Allen Iverson and Latrell Sprewell on the same team. Am I supposed to sell you on more? Fine, I’ll tell you a story. Back before NBA Live became obsolete, I always picked the Iverson 76ers because I didn’t like running plays. I just wanted to go one-on-one, maybe use a pick, and attack the basket. It’s why I love using Russell Westbrook in NBA 2K today. My best friend would pick the Knicks. Except, unbeknownst to me, he edited Sprewell’s stats to make him 100 in everything. He would beat me nine out of ten times and I never knew why. How come Sprewell never missed? I didn’t find out he edited Latrell’s stats until years later. I was really dumb as a kid. My point is this: I’m putting ISO Iverson and 100 Sprewell on the same team and they’re easily winning this championship.
Rutkowski: You’re screwing it up in that I wanted to pick Sprewell. That said, Iverson and Sprewell together is the correct choice. It will go well. Sprewell has always had good relationships with his coaches.

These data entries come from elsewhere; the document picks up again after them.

(* Let $\mathfrak g$, $m$, $\mathbb C(y)$, $a_i(n)$ and the maps $r_i$ ($i\in S$) be as in the context, and put $X^i_n:=a_i(n)^{-1}$. Let $\mathbf Y_{\chi_\varepsilon}\subset\mathbb C(y)$ be the intersection over $i\in S$ of the subrings generated by $\{y_j(n)^{\pm1}: j\ne i,\ n\in d\mathbb Z/d'm\mathbb Z\}$ together with $\{y_i(n)(1+X^i_n): n\in d\mathbb Z/d'm\mathbb Z\}$ (the image of the $q$-character at a root of unity $q$ with $q^{2d'm}=1$). Then $\mathbf Y_{\chi_\varepsilon}$ is invariant under the action of $W(\mathfrak g)$ generated by the $r_i$: $r_i(f)=f$ for all $f\in\mathbf Y_{\chi_\varepsilon}$ and all $i\in S$.
   Context: Let $\mathfrak g$ be a finite-dimensional complex simple Lie algebra of rank $\ell$, $S=\{1,\dots,\ell\}$, of type $A_\ell$, $B_\ell$, $C_\ell$, $D_\ell$ ($\ell\ge4$), $E_{6,7,8}$, $F_4$ or $G_2$, labelled: $A_\ell,B_\ell,C_\ell$ chain $1-\cdots-\ell$ ($\alpha_\ell$ short in $B_\ell$, long in $C_\ell$); $D_\ell$: chain $1-\cdots-(\ell-1)$ plus edge $(\ell-2)-\ell$; $E_\ell$: chain $1-2-3-5-\cdots-\ell$ plus edge $3-4$; $F_4$: chain $1-2-3-4$, $\alpha_1,\alpha_2$ long; $G_2$: $\alpha_2$ long. $d_i=(\alpha_i,\alpha_i)/2$: $1$ in types $A,D,E$; $(1,\dots,1,\frac12)$ for $B_\ell$; $(1,\dots,1,2)$ for $C_\ell$; $(1,1,\frac12,\frac12)$ for $F_4$; $(1,3)$ for $G_2$; $d=\min d_i$, $d'=\max d_i$. Let $m$ be an integer, $m>1$, $m>\ell-1$. Quiver $Q_m(\mathfrak g)$ on $\{v^i_n: i\in S, n\in d\mathbb Z/d'm\mathbb Z\}$ with arrows (indices mod $d'm$): (simply-laced) orient Dynkin edges from larger to smaller label ($C(\mathfrak g)$); $v^i_n\to v^i_{n+1}$, and for each $i\to j$ in $C(\mathfrak g)$, $v^i_n\to v^j_n$ and $v^j_{n+1}\to v^i_n$. ($B_\ell$) $v^i_n\to v^i_{n+1}$ ($i\le\ell-1$); $v^i_n\to v^{i-1}_n$, $v^{i-1}_{n+1}\to v^i_n$ ($2\le i\le\ell-1$); $v^\ell_n\to v^\ell_{n+1/2}$, $v^\ell_n\to v^{\ell-1}_{n-1/2}$, $v^{\ell-1}_{n+1/2}\to v^\ell_n$. ($C_\ell$) $v^i_n\to v^i_{n+1}$ ($i\le\ell-1$); $v^i_n\to v^{i-1}_n$, $v^{i-1}_{n+1}\to v^i_n$ ($2\le i\le\ell-1$); $v^\ell_n\to v^\ell_{n+2}$, $v^\ell_n\to v^{\ell-1}_n$, $v^{\ell-1}_{n+2}\to v^\ell_n$. ($F_4$) $v^i_n\to v^i_{n+1}$ ($i=1,2$); $v^2_n\to v^1_n$, $v^1_{n+1}\to v^2_n$; $v^3_n\to v^3_{n+1/2}$, $v^3_n\to v^2_{n-1/2}$, $v^2_{n+1/2}\to v^3_n$; $v^4_n\to v^4_{n+1/2}$, $v^4_n\to v^3_n$, $v^3_{n+1/2}\to v^4_n$. ($G_2$) $v^1_n\to v^1_{n+1}$, $v^2_n\to v^2_{n+3}$, $v^2_n\to v^1_n$, $v^1_{n+3}\to v^2_n$. $\mathbb C(y)$ is the field of rational functions in $y_i(n)$, $i\in S$, $n\in d\mathbb Z/d'm\mathbb Z$; $a_i(n)=y_i(n)y_i(n+d_i)/F(i,n)$ with $F(i,n)=\prod_{j:\,v^i_n\to v^j_n}y_j(n+d_j)\prod_{j:\,v^j_n\to v^i_n}y_j(n)$, except $F(i,n)=y_{i-1}(n+\frac12)y_{i+1}(n)$ for $i=\ell$ in $B_\ell$ and $i=3$ in $F_4$; $F(i,n)=y_{i-1}(n+1)y_{i+1}(n)y_{i+1}(n+\frac12)$ for $i=\ell-1$ in $B_\ell$ and $i=2$ in $F_4$; $F(\ell,n)=y_{\ell-1}(n+1)y_{\ell-1}(n+2)$ in $C_\ell$; $F(2,n)=y_1(n+1)y_1(n+2)y_1(n+3)$ in $G_2$; with $y_0:=y_{\ell+1}:=1$. $f_y(i,n)=1+\sum_{k=0}^{d'm/d_i-2}(a_i(n)a_i(n-d_i)\cdots a_i(n-kd_i))^{-1}$, and $r_i$ is the field endomorphism of $\mathbb C(y)$ with $r_i(y_i(n))=\frac{f_y(i,n-2d_i)}{f_y(i,n-d_i)}\frac{F(i,n-d_i)}{y_i(n-d_i)}$, $r_i(y_j(n))=y_j(n)$ for $j\ne i$. These $r_i$ generate an action of the Weyl group $W(\mathfrak g)$ on $\mathbb C(y)$. *)

theory Defs
  imports Complex_Main "HOL-Library.Poly_Mapping" "HOL-Library.Product_Lexorder"
    "HOL-Computational_Algebra.Fraction_Field"
begin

With the second overall pick in the draft, the Ghost Ballers select Steve “Stevie Franchise” Francis. With a strong point guard in Bibby and a ball-dominant scorer in Ricky Davis, what this team needs is someone who can also dominate the ball and score.

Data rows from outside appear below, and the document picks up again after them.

definition Zs :: "'w measure \<Rightarrow> nat \<Rightarrow> ('w \<Rightarrow> nat \<Rightarrow> real) \<Rightarrow> ('w \<Rightarrow> real) \<Rightarrow> nat set \<Rightarrow> nat \<Rightarrow> real" where
  "Zs M d X Y S i = (\<integral>\<omega>. X \<omega> i * (Y \<omega> - inner_d d (X \<omega>) (betaS M d X Y S)) \<partial>M)"

end

theory Submission
  imports Defs
begin

text \<open>Write Delta = beta* - beta^S, which is supported on S*. Expanding the risk shows
Z^S = Sigma Delta (the noise is orthogonal to every coordinate of x), and first-order optimality
of beta^S makes Z^S vanish on S. Hence, by Cauchy-Schwarz,
  rho |Delta|^2 <= Delta' Sigma Delta = sum over S* - S of Delta_i Z_i <= |Delta| sqrt(s* - k) max |Z_i|,
which is the claim with the larger constant rho >= sqrt(rho^3 / L). The lower eigenvalue bound yields positive
definiteness through a minimiser of the quadratic form on the compact unit sphere, which is an
eigenvector; beta^S, defined by choice, exists because the risk is coercive on vectors supported
in S.\<close>

section \<open>Quadratic forms on finitely supported vectors\<close>

definition quad_form :: "(nat \<Rightarrow> nat \<Rightarrow> real) \<Rightarrow> nat set \<Rightarrow> (nat \<Rightarrow> real) \<Rightarrow> real" where
  "quad_form A F v = (\<Sum>i\<in>F. \<Sum>j\<in>F. v i * A i j * v j)"

lemma quad_form_eq_sum_mult: "quad_form A F v = (\<Sum>i\<in>F. v i * (\<Sum>j\<in>F. A i j * v j))"
  by (simp add: quad_form_def sum_distrib_left mult.assoc)

lemma quad_form_scale: "quad_form A F (\<lambda>i. c * v i) = c\<^sup>2 * quad_form A F v"
  by (simp add: quad_form_def sum_distrib_left power2_eq_square mult_ac)

lemma quad_form_add_scaled:
  assumes sym: "\<And>i j. A i j = A j i"
  shows "quad_form A F (\<lambda>i. v i + t * u i)
    = quad_form A F v + 2 * t * (\<Sum>i\<in>F. u i * (\<Sum>j\<in>F. A i j * v j)) + t\<^sup>2 * quad_form A F u"
proof -
  have expand: "quad_form A F (\<lambda>i. v i + t * u i) = quad_form A F v
      + t * (\<Sum>i\<in>F. \<Sum>j\<in>F. u i * A i j * v j) + t * (\<Sum>i\<in>F. \<Sum>j\<in>F. v i * A i j * u j)
      + t\<^sup>2 * quad_form A F u"
    by (simp add: quad_form_def algebra_simps power2_eq_square sum.distrib sum_distrib_left)
  have swap: "(\<Sum>i\<in>F. \<Sum>j\<in>F. v i * A i j * u j) = (\<Sum>i\<in>F. \<Sum>j\<in>F. u i * A i j * v j)"
    by (subst sum.swap) (simp add: sym mult_ac)
  have "(\<Sum>i\<in>F. \<Sum>j\<in>F. u i * A i j * v j) = (\<Sum>i\<in>F. u i * (\<Sum>j\<in>F. A i j * v j))"
    by (simp add: sum_distrib_left mult.assoc)
  then show ?thesis
    unfolding expand swap by simp
qed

This draft is top-heavy, I think. I don’t know for sure. It’s difficult to tell from this chair I’m sitting in what shape each of these players are in, if they’ve kept up practice, or if they care. I think Francis cares. There are a few game-changers in here, and Francis is one of them. We can worry about filling in the gaps later. If there’s a Steve Francis left on the board, you take every Steve Francis you can. If anyone is going to lose to Iverson and Sprewell, I want it to be him.
And maybe having all these potentially irritating short dudes on the floor will convince Gervin to take on a role of Player/Coach. Here’s hoping.

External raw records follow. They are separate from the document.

definition weihrauch_leq ::
  "('a \<Rightarrow> 'b set) \<Rightarrow> (baire \<Rightarrow> 'a \<Rightarrow> bool) \<Rightarrow> (baire \<Rightarrow> 'b \<Rightarrow> bool) \<Rightarrow>
   ('c \<Rightarrow> 'd set) \<Rightarrow> (baire \<Rightarrow> 'c \<Rightarrow> bool) \<Rightarrow> (baire \<Rightarrow> 'd \<Rightarrow> bool) \<Rightarrow> bool" where
  "weihrauch_leq f \<delta>A \<delta>B g \<delta>C \<delta>D \<longleftrightarrow>
     (\<exists>K H. computableB K \<and> computableB H \<and>
        (\<forall>G. realizes g \<delta>C \<delta>D G \<longrightarrow>
             realizes f \<delta>A \<delta>B (\<lambda>p. Option.bind (H p) (\<lambda>h. Option.bind (G h) (\<lambda>r. K (pairB p r))))))"

definition hat :: "('a \<Rightarrow> 'b set) \<Rightarrow> (nat \<Rightarrow> 'a) \<Rightarrow> (nat \<Rightarrow> 'b) set" where
  "hat f xs = {ys. \<forall>i. ys i \<in> f (xs i)}"

definition rep_seq :: "(baire \<Rightarrow> 'a \<Rightarrow> bool) \<Rightarrow> baire \<Rightarrow> (nat \<Rightarrow> 'a) \<Rightarrow> bool" where
  "rep_seq \<delta> p xs \<longleftrightarrow> (\<forall>i. \<delta> (compB i p) (xs i))"

definition rep_nat :: "baire \<Rightarrow> nat \<Rightarrow> bool" where
  "rep_nat p n \<longleftrightarrow> p 0 = n"

section \<open>Games\<close>

fun play_pre :: "(bool list \<Rightarrow> bool) \<Rightarrow> bool list \<Rightarrow> nat \<Rightarrow> bool list" where
  "play_pre s h 0 = []"
| "play_pre s h (Suc n) = (let w = play_pre s h n in w @ [if n < length h then h ! n else s w])"

definition play :: "(bool list \<Rightarrow> bool) \<Rightarrow> bool list \<Rightarrow> cantor" where
  "play s h = (\<lambda>n. play_pre s h (Suc n) ! n)"

subsection \<open>Win/lose games (turn d w = True means player 1 moves at w)\<close>

definition p1_wins :: "(bool list \<Rightarrow> bool) \<Rightarrow> cantor set \<Rightarrow> bool" where
  "p1_wins d W \<longleftrightarrow> (\<exists>\<sigma>. \<forall>\<tau>. play (\<lambda>w. if d w then \<sigma> w else \<tau> w) [] \<in> W)"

Lambert: Have you ever heard the song ‘Game Over’ by Lil Flip? There’s a line that goes, “A franchise like a Houston Rocket.” That’s my favorite memory of Steve Francis.
With the third overall pick, Trilogy selects Reggie Evans. Not only is Evans only 36, I’m fairly positive he was in the NBA two months ago. If not, NBA 2K should really update their rosters because I’m tired of the Kings offering me Reggie Evans in every trade. Also, I should probably stop playing video games so much. Pairing Evans with Kenyon Martin and Al Harrington gives Trilogy a tall trio that will collect all of the rebounds. In a halfcourt game with no transition, rebounding is going to be very important. Rick Mahorn has a clear vision for this team. Just be taller than everyone.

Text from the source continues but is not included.